(Stored dataset items)
lemma alpha_group_hom: "g \<in> carrier G \<Longrightarrow> group_hom H H (\<alpha> g)"
  using alpha_auto by (simp add: group_hom_def group_hom_axioms_def H.group_axioms auto_def)

lemma alpha_closed [simp]: "g \<in> carrier G \<Longrightarrow> h \<in> carrier H \<Longrightarrow> \<alpha> g h \<in> carrier H"
  by (rule group_hom.hom_closed[OF alpha_group_hom])

lemma alpha_mult [simp]:
  "g \<in> carrier G \<Longrightarrow> a \<in> carrier H \<Longrightarrow> b \<in> carrier H \<Longrightarrow> \<alpha> g (a \<otimes>\<^bsub>H\<^esub> b) = \<alpha> g a \<otimes>\<^bsub>H\<^esub> \<alpha> g b"
  by (rule group_hom.hom_mult[OF alpha_group_hom])

lemma alpha_one [simp]: "g \<in> carrier G \<Longrightarrow> \<alpha> g \<one>\<^bsub>H\<^esub> = \<one>\<^bsub>H\<^esub>"
  by (rule group_hom.hom_one[OF alpha_group_hom])

lemma alpha_inv [simp]:
  "g \<in> carrier G \<Longrightarrow> a \<in> carrier H \<Longrightarrow> \<alpha> g (inv\<^bsub>H\<^esub> a) = inv\<^bsub>H\<^esub> (\<alpha> g a)"
  by (rule group_hom.hom_inv[OF alpha_group_hom])

lemma crossed_product_closed:
  "p \<in> carrier (crossed_product H G \<alpha> f) \<Longrightarrow> q \<in> carrier (crossed_product H G \<alpha> f) \<Longrightarrow>
    p \<otimes>\<^bsub>crossed_product H G \<alpha> f\<^esub> q \<in> carrier (crossed_product H G \<alpha> f)"
  by (cases p; cases q) simp

text \<open>By (WA) at \<open>g1 = g2 = 1\<close>, the automorphism \<open>\<alpha> 1\<close> is idempotent, hence the identity;
  this is what makes \<open>(h, 1) \<cdot> (1, g) = (h, g)\<close> in the crossed product.\<close>

lemma alpha_unit [simp]:
  assumes h: "h \<in> carrier H" shows "\<alpha> \<one>\<^bsub>G\<^esub> h = h"
proof -
  have "inj_on (\<alpha> \<one>\<^bsub>G\<^esub>) (carrier H)"
    using alpha_auto[of "\<one>\<^bsub>G\<^esub>"] by (simp add: auto_def Bij_def bij_betw_def)
  moreover have "\<alpha> \<one>\<^bsub>G\<^esub> (\<alpha> \<one>\<^bsub>G\<^esub> h) = \<alpha> \<one>\<^bsub>G\<^esub> h"
    using weak_action[of "\<one>\<^bsub>G\<^esub>" "\<one>\<^bsub>G\<^esub>" h] h by (simp add: f_one_one)
  ultimately show ?thesis using h by (simp add: inj_on_def)
qed

text \<open>By (CC) with two unit arguments, \<open>f (1, g)\<close> and \<open>f (g, 1)\<close> are idempotent, hence trivial.\<close>

lemma f_unit_left [simp]: assumes g: "g \<in> carrier G" shows "f (\<one>\<^bsub>G\<^esub>, g) = \<one>\<^bsub>H\<^esub>"
proof -
  have "f (\<one>\<^bsub>G\<^esub>, g) \<otimes>\<^bsub>H\<^esub> f (\<one>\<^bsub>G\<^esub>, g) = f (\<one>\<^bsub>G\<^esub>, g)"
    using cocycle[of "\<one>\<^bsub>G\<^esub>" "\<one>\<^bsub>G\<^esub>" g] g by (simp add: f_one_one)
  then show ?thesis using g by simp
qed

lemma f_unit_right [simp]: assumes g: "g \<in> carrier G" shows "f (g, \<one>\<^bsub>G\<^esub>) = \<one>\<^bsub>H\<^esub>"
proof -
  have "f (g, \<one>\<^bsub>G\<^esub>) \<otimes>\<^bsub>H\<^esub> f (g, \<one>\<^bsub>G\<^esub>) = f (g, \<one>\<^bsub>G\<^esub>)"
    using cocycle[of g "\<one>\<^bsub>G\<^esub>" "\<one>\<^bsub>G\<^esub>"] g by (simp add: f_one_one)
  then show ?thesis using g by simp
qed

end

locale two_crossed = X: crossed H G \<alpha> f + Y: crossed H G \<alpha>' f'
  for H :: "'h monoid" and G :: "'g monoid" and \<alpha> f \<alpha>' f'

What you need to do: All lines of the entries above where "text" turns up should be reported.

Response to this exercise:
text \<open>By (WA) at \<open>g1 = g2 = 1\<close>, the automorphism \<open>\<alpha> 1\<close> is idempotent, hence the identity;
text \<open>By (CC) with two unit arguments, \<open>f (1, g)\<close> and \<open>f (g, 1)\<close> are idempotent, hence trivial.\<close>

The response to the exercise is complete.